#### Records:
━━━━━━━━

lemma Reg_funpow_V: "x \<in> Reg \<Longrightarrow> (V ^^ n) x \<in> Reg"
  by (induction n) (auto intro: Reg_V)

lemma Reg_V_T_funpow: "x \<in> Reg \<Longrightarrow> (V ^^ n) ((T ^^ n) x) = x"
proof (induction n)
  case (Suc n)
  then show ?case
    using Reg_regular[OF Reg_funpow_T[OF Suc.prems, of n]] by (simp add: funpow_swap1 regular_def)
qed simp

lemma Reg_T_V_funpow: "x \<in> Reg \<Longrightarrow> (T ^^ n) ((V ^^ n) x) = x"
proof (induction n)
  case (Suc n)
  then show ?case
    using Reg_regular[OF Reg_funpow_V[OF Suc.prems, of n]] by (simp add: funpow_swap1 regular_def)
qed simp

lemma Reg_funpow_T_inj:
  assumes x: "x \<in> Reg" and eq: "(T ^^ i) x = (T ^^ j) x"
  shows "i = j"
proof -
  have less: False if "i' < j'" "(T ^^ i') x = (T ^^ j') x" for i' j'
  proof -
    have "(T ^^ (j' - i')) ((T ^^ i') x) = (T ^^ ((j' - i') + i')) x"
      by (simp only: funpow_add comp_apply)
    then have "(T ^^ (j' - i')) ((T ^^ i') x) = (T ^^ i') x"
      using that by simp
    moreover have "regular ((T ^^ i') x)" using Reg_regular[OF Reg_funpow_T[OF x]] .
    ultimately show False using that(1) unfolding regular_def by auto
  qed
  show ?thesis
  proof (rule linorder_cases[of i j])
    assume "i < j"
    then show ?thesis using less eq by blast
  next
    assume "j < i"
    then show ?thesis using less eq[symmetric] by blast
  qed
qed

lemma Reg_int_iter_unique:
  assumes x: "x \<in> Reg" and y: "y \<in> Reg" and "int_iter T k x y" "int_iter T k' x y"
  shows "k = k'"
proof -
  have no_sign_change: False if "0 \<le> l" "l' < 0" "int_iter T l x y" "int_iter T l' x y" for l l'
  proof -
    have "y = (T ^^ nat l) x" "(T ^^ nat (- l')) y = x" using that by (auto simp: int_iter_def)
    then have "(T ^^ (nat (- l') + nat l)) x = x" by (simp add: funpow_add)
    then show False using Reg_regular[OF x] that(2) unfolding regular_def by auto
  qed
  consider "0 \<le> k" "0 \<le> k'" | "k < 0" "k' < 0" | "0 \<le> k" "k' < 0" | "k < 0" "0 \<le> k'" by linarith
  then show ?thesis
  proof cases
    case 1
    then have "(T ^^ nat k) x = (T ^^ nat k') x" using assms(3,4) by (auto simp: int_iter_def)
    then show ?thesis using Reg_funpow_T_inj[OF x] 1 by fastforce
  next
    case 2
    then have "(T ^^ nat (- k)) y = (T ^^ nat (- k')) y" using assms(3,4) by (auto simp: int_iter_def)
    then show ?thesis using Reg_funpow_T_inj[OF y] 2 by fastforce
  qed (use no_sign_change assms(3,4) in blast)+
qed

━━━━━━━━

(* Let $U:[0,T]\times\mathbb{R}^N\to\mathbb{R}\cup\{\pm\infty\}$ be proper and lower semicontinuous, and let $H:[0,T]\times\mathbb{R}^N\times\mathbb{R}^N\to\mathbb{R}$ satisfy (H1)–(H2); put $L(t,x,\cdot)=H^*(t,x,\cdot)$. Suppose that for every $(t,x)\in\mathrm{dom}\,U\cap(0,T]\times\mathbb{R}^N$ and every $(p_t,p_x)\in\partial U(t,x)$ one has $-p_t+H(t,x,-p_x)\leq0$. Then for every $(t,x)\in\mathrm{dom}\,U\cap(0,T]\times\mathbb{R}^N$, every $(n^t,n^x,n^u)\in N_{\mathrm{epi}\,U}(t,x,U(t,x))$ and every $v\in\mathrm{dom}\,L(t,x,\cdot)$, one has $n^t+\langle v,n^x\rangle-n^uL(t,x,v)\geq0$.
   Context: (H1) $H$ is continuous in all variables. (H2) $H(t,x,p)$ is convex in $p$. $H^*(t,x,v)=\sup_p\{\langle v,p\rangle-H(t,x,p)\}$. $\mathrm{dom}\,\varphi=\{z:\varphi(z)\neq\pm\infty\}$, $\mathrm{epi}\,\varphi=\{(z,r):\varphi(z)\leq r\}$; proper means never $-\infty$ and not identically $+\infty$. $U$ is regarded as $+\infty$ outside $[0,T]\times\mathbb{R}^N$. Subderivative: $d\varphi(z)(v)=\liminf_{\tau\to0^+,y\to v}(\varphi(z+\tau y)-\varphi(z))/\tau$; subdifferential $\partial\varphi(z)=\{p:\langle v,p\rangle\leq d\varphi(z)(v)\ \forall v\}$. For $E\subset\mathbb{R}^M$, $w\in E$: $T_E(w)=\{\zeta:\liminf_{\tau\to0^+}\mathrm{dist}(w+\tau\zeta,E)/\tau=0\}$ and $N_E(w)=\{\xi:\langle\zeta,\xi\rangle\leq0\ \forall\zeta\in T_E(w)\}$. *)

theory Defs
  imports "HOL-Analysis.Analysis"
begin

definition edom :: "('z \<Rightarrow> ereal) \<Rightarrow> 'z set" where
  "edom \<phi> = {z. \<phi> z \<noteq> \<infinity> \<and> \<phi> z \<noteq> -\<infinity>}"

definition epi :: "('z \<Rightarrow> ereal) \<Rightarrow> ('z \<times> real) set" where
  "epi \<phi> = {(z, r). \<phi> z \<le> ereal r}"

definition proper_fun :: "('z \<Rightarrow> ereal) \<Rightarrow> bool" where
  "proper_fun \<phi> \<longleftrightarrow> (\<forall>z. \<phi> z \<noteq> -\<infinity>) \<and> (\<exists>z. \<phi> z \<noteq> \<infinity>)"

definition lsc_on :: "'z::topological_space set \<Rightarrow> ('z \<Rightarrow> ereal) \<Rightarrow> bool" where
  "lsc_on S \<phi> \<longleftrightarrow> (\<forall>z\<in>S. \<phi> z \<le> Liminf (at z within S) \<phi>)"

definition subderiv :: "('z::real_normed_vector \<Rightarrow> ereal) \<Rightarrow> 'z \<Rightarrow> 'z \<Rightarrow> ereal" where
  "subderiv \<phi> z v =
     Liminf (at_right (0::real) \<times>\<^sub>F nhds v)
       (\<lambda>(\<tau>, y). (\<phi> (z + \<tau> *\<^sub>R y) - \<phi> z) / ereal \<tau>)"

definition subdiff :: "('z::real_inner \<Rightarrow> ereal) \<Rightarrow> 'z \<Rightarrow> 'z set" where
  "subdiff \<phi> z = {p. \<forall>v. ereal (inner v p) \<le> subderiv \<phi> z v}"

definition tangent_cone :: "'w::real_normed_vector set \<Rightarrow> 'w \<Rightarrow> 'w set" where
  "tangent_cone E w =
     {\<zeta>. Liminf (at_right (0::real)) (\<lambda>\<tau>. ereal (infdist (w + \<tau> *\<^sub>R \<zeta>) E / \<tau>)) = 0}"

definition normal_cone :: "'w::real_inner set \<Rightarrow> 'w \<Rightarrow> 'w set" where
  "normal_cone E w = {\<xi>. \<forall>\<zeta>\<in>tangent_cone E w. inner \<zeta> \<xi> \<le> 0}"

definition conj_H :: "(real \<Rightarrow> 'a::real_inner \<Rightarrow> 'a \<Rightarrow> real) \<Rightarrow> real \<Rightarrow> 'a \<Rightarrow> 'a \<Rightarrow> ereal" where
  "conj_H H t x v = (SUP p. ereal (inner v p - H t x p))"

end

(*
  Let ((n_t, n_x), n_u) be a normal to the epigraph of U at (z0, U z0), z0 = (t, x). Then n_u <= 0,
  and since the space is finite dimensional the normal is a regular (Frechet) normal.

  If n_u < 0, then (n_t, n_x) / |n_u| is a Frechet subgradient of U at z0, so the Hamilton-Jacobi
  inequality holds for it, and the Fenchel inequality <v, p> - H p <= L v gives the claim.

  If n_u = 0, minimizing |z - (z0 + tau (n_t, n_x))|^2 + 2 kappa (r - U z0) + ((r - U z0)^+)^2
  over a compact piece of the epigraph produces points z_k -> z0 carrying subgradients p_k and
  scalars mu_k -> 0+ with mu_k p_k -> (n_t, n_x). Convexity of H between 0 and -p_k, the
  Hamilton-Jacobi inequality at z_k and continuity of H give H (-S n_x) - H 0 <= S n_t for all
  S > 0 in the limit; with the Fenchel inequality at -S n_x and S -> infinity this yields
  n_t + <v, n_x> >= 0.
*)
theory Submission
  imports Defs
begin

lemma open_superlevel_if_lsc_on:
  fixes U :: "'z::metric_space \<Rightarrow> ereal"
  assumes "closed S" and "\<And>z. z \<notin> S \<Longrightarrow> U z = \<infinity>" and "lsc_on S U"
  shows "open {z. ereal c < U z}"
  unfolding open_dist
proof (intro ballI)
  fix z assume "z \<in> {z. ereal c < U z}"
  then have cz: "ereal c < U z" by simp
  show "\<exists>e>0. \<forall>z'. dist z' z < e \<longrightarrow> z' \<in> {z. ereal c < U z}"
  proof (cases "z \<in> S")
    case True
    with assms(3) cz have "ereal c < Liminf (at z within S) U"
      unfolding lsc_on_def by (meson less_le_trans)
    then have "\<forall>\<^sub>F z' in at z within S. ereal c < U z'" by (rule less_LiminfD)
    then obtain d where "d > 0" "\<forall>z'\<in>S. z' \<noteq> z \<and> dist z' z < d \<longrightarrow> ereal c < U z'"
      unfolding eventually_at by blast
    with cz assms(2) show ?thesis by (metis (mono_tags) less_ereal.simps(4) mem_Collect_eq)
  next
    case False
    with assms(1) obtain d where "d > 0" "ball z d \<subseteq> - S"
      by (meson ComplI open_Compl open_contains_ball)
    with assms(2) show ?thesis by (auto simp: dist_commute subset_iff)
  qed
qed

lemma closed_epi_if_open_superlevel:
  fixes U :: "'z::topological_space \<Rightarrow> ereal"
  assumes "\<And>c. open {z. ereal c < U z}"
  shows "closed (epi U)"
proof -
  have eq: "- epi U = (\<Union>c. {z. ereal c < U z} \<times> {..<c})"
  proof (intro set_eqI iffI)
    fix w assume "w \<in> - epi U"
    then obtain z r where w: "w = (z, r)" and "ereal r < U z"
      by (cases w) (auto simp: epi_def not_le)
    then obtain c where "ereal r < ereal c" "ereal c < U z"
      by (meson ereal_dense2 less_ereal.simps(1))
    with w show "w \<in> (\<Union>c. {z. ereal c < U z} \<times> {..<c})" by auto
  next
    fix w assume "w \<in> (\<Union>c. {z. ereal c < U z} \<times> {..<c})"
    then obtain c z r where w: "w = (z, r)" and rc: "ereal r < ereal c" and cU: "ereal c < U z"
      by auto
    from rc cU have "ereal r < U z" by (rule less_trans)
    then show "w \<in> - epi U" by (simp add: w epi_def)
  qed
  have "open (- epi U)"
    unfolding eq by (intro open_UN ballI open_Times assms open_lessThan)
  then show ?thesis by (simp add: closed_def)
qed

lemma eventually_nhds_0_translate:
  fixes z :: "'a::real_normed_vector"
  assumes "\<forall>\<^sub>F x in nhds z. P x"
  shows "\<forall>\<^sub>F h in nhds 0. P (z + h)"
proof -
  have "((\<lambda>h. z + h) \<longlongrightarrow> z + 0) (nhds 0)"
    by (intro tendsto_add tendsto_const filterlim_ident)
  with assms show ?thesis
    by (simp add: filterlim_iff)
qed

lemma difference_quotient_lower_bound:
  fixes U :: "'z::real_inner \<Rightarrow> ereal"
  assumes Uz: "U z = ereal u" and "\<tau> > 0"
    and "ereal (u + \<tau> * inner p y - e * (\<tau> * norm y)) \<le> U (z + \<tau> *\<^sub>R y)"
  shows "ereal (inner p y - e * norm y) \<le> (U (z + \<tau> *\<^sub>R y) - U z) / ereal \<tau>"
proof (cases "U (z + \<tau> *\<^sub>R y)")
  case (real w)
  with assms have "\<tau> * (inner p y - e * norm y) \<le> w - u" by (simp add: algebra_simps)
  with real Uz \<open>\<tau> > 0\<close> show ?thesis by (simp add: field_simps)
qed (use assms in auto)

━━━━━━━━

#### Work required:
Find the string "intro" in the entries above. Copy each line where it occurs.

#### Response to this exercise:
  by (induction n) (auto intro: Reg_V)
proof (intro ballI)
  proof (intro set_eqI iffI)
    unfolding eq by (intro open_UN ballI open_Times assms open_lessThan)
    by (intro tendsto_add tendsto_const filterlim_ident)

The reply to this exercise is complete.